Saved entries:
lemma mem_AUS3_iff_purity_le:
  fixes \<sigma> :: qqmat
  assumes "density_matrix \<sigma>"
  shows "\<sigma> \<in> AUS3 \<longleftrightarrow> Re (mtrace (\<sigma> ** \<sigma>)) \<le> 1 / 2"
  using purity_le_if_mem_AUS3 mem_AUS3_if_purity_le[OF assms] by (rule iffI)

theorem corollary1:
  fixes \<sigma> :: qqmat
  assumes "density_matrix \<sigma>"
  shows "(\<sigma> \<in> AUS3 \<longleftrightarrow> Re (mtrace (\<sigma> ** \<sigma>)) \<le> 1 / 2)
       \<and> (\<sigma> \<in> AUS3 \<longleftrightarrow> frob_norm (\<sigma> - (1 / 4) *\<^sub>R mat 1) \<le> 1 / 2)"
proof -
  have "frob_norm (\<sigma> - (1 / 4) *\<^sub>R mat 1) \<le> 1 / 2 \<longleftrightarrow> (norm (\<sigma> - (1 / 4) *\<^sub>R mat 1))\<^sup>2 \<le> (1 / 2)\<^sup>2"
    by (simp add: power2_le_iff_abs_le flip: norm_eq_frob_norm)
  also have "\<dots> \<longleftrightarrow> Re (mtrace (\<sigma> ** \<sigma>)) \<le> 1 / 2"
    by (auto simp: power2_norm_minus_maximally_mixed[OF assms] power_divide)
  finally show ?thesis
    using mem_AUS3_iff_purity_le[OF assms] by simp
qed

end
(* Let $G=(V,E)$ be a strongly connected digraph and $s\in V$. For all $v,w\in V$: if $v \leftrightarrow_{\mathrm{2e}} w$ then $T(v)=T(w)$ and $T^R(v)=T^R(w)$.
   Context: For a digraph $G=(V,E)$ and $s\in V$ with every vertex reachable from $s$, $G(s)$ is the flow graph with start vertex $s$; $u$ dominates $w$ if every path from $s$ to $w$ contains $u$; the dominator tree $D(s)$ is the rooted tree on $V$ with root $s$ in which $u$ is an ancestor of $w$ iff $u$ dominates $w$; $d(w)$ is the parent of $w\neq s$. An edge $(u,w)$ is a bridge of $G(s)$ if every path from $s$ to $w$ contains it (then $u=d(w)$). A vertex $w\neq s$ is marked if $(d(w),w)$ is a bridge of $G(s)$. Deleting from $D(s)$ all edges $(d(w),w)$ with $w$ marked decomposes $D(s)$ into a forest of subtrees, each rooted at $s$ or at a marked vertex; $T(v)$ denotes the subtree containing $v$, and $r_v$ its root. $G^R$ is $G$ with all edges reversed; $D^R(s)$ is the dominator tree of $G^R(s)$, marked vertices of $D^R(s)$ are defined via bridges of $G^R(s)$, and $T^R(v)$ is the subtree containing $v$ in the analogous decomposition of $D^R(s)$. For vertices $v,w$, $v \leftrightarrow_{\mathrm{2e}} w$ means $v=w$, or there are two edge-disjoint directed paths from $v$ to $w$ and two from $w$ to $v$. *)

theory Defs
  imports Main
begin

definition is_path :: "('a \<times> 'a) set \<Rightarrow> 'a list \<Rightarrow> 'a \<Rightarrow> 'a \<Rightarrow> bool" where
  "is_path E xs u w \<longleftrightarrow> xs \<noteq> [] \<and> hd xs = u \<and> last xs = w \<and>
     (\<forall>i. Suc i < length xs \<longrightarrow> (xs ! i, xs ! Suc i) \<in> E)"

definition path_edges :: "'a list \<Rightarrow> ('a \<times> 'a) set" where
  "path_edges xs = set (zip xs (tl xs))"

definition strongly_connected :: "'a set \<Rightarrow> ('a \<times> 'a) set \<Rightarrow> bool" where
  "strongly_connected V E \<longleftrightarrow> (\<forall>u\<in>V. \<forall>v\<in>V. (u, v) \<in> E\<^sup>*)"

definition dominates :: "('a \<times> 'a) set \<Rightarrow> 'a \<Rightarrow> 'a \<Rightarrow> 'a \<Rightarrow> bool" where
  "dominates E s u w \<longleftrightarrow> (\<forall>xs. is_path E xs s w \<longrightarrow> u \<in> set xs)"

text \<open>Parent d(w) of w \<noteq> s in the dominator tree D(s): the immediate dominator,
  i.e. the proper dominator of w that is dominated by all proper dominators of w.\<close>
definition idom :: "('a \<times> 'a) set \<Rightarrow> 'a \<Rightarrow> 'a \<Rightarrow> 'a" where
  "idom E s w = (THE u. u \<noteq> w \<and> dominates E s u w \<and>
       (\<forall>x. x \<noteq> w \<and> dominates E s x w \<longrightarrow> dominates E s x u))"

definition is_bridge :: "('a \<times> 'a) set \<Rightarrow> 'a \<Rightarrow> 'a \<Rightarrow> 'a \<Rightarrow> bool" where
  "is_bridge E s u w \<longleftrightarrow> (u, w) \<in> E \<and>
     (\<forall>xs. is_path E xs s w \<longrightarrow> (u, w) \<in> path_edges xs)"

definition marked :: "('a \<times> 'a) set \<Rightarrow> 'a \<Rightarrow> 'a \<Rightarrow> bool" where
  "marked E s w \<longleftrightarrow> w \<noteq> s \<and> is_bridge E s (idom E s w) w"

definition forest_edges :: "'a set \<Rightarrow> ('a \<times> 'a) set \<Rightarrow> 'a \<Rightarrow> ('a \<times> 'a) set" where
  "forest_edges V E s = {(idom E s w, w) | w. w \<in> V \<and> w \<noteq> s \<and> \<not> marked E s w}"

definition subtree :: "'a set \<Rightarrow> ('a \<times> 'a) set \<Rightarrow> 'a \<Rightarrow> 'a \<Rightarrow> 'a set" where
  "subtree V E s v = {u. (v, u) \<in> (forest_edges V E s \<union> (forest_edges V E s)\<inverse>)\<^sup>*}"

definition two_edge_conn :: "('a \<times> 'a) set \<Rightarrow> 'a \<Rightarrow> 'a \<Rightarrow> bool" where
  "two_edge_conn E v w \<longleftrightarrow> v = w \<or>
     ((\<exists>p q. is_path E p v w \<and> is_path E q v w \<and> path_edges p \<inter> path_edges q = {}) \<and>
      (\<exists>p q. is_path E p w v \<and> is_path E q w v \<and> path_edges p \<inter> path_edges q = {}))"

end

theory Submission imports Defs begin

WHAT THE TASK REQUIRES
Please give the data again in full, exactly as written.

SOLUTION FOR THIS TASK
lemma mem_AUS3_iff_purity_le:
  fixes \<sigma> :: qqmat
  assumes "density_matrix \<sigma>"
  shows "\<sigma> \<in> AUS3 \<longleftrightarrow> Re (mtrace (\<sigma> ** \<sigma>)) \<le> 1 / 2"
  using purity_le_if_mem_AUS3 mem_AUS3_if_purity_le[OF assms] by (rule iffI)

theorem corollary1:
  fixes \<sigma> :: qqmat
  assumes "density_matrix \<sigma>"
  shows "(\<sigma> \<in> AUS3 \<longleftrightarrow> Re (mtrace (\<sigma> ** \<sigma>)) \<le> 1 / 2)
       \<and> (\<sigma> \<in> AUS3 \<longleftrightarrow> frob_norm (\<sigma> - (1 / 4) *\<^sub>R mat 1) \<le> 1 / 2)"
proof -
  have "frob_norm (\<sigma> - (1 / 4) *\<^sub>R mat 1) \<le> 1 / 2 \<longleftrightarrow> (norm (\<sigma> - (1 / 4) *\<^sub>R mat 1))\<^sup>2 \<le> (1 / 2)\<^sup>2"
    by (simp add: power2_le_iff_abs_le flip: norm_eq_frob_norm)
  also have "\<dots> \<longleftrightarrow> Re (mtrace (\<sigma> ** \<sigma>)) \<le> 1 / 2"
    by (auto simp: power2_norm_minus_maximally_mixed[OF assms] power_divide)
  finally show ?thesis
    using mem_AUS3_iff_purity_le[OF assms] by simp
qed

end
(* Let $G=(V,E)$ be a strongly connected digraph and $s\in V$. For all $v,w\in V$: if $v \leftrightarrow_{\mathrm{2e}} w$ then $T(v)=T(w)$ and $T^R(v)=T^R(w)$.
   Context: For a digraph $G=(V,E)$ and $s\in V$ with every vertex reachable from $s$, $G(s)$ is the flow graph with start vertex $s$; $u$ dominates $w$ if every path from $s$ to $w$ contains $u$; the dominator tree $D(s)$ is the rooted tree on $V$ with root $s$ in which $u$ is an ancestor of $w$ iff $u$ dominates $w$; $d(w)$ is the parent of $w\neq s$. An edge $(u,w)$ is a bridge of $G(s)$ if every path from $s$ to $w$ contains it (then $u=d(w)$). A vertex $w\neq s$ is marked if $(d(w),w)$ is a bridge of $G(s)$. Deleting from $D(s)$ all edges $(d(w),w)$ with $w$ marked decomposes $D(s)$ into a forest of subtrees, each rooted at $s$ or at a marked vertex; $T(v)$ denotes the subtree containing $v$, and $r_v$ its root. $G^R$ is $G$ with all edges reversed; $D^R(s)$ is the dominator tree of $G^R(s)$, marked vertices of $D^R(s)$ are defined via bridges of $G^R(s)$, and $T^R(v)$ is the subtree containing $v$ in the analogous decomposition of $D^R(s)$. For vertices $v,w$, $v \leftrightarrow_{\mathrm{2e}} w$ means $v=w$, or there are two edge-disjoint directed paths from $v$ to $w$ and two from $w$ to $v$. *)

theory Defs
  imports Main
begin

definition is_path :: "('a \<times> 'a) set \<Rightarrow> 'a list \<Rightarrow> 'a \<Rightarrow> 'a \<Rightarrow> bool" where
  "is_path E xs u w \<longleftrightarrow> xs \<noteq> [] \<and> hd xs = u \<and> last xs = w \<and>
     (\<forall>i. Suc i < length xs \<longrightarrow> (xs ! i, xs ! Suc i) \<in> E)"

definition path_edges :: "'a list \<Rightarrow> ('a \<times> 'a) set" where
  "path_edges xs = set (zip xs (tl xs))"

definition strongly_connected :: "'a set \<Rightarrow> ('a \<times> 'a) set \<Rightarrow> bool" where
  "strongly_connected V E \<longleftrightarrow> (\<forall>u\<in>V. \<forall>v\<in>V. (u, v) \<in> E\<^sup>*)"

definition dominates :: "('a \<times> 'a) set \<Rightarrow> 'a \<Rightarrow> 'a \<Rightarrow> 'a \<Rightarrow> bool" where
  "dominates E s u w \<longleftrightarrow> (\<forall>xs. is_path E xs s w \<longrightarrow> u \<in> set xs)"

text \<open>Parent d(w) of w \<noteq> s in the dominator tree D(s): the immediate dominator,
  i.e. the proper dominator of w that is dominated by all proper dominators of w.\<close>
definition idom :: "('a \<times> 'a) set \<Rightarrow> 'a \<Rightarrow> 'a \<Rightarrow> 'a" where
  "idom E s w = (THE u. u \<noteq> w \<and> dominates E s u w \<and>
       (\<forall>x. x \<noteq> w \<and> dominates E s x w \<longrightarrow> dominates E s x u))"

definition is_bridge :: "('a \<times> 'a) set \<Rightarrow> 'a \<Rightarrow> 'a \<Rightarrow> 'a \<Rightarrow> bool" where
  "is_bridge E s u w \<longleftrightarrow> (u, w) \<in> E \<and>
     (\<forall>xs. is_path E xs s w \<longrightarrow> (u, w) \<in> path_edges xs)"

definition marked :: "('a \<times> 'a) set \<Rightarrow> 'a \<Rightarrow> 'a \<Rightarrow> bool" where
  "marked E s w \<longleftrightarrow> w \<noteq> s \<and> is_bridge E s (idom E s w) w"

definition forest_edges :: "'a set \<Rightarrow> ('a \<times> 'a) set \<Rightarrow> 'a \<Rightarrow> ('a \<times> 'a) set" where
  "forest_edges V E s = {(idom E s w, w) | w. w \<in> V \<and> w \<noteq> s \<and> \<not> marked E s w}"

definition subtree :: "'a set \<Rightarrow> ('a \<times> 'a) set \<Rightarrow> 'a \<Rightarrow> 'a \<Rightarrow> 'a set" where
  "subtree V E s v = {u. (v, u) \<in> (forest_edges V E s \<union> (forest_edges V E s)\<inverse>)\<^sup>*}"

definition two_edge_conn :: "('a \<times> 'a) set \<Rightarrow> 'a \<Rightarrow> 'a \<Rightarrow> bool" where
  "two_edge_conn E v w \<longleftrightarrow> v = w \<or>
     ((\<exists>p q. is_path E p v w \<and> is_path E q v w \<and> path_edges p \<inter> path_edges q = {}) \<and>
      (\<exists>p q. is_path E p w v \<and> is_path E q w v \<and> path_edges p \<inter> path_edges q = {}))"

end

theory Submission imports Defs begin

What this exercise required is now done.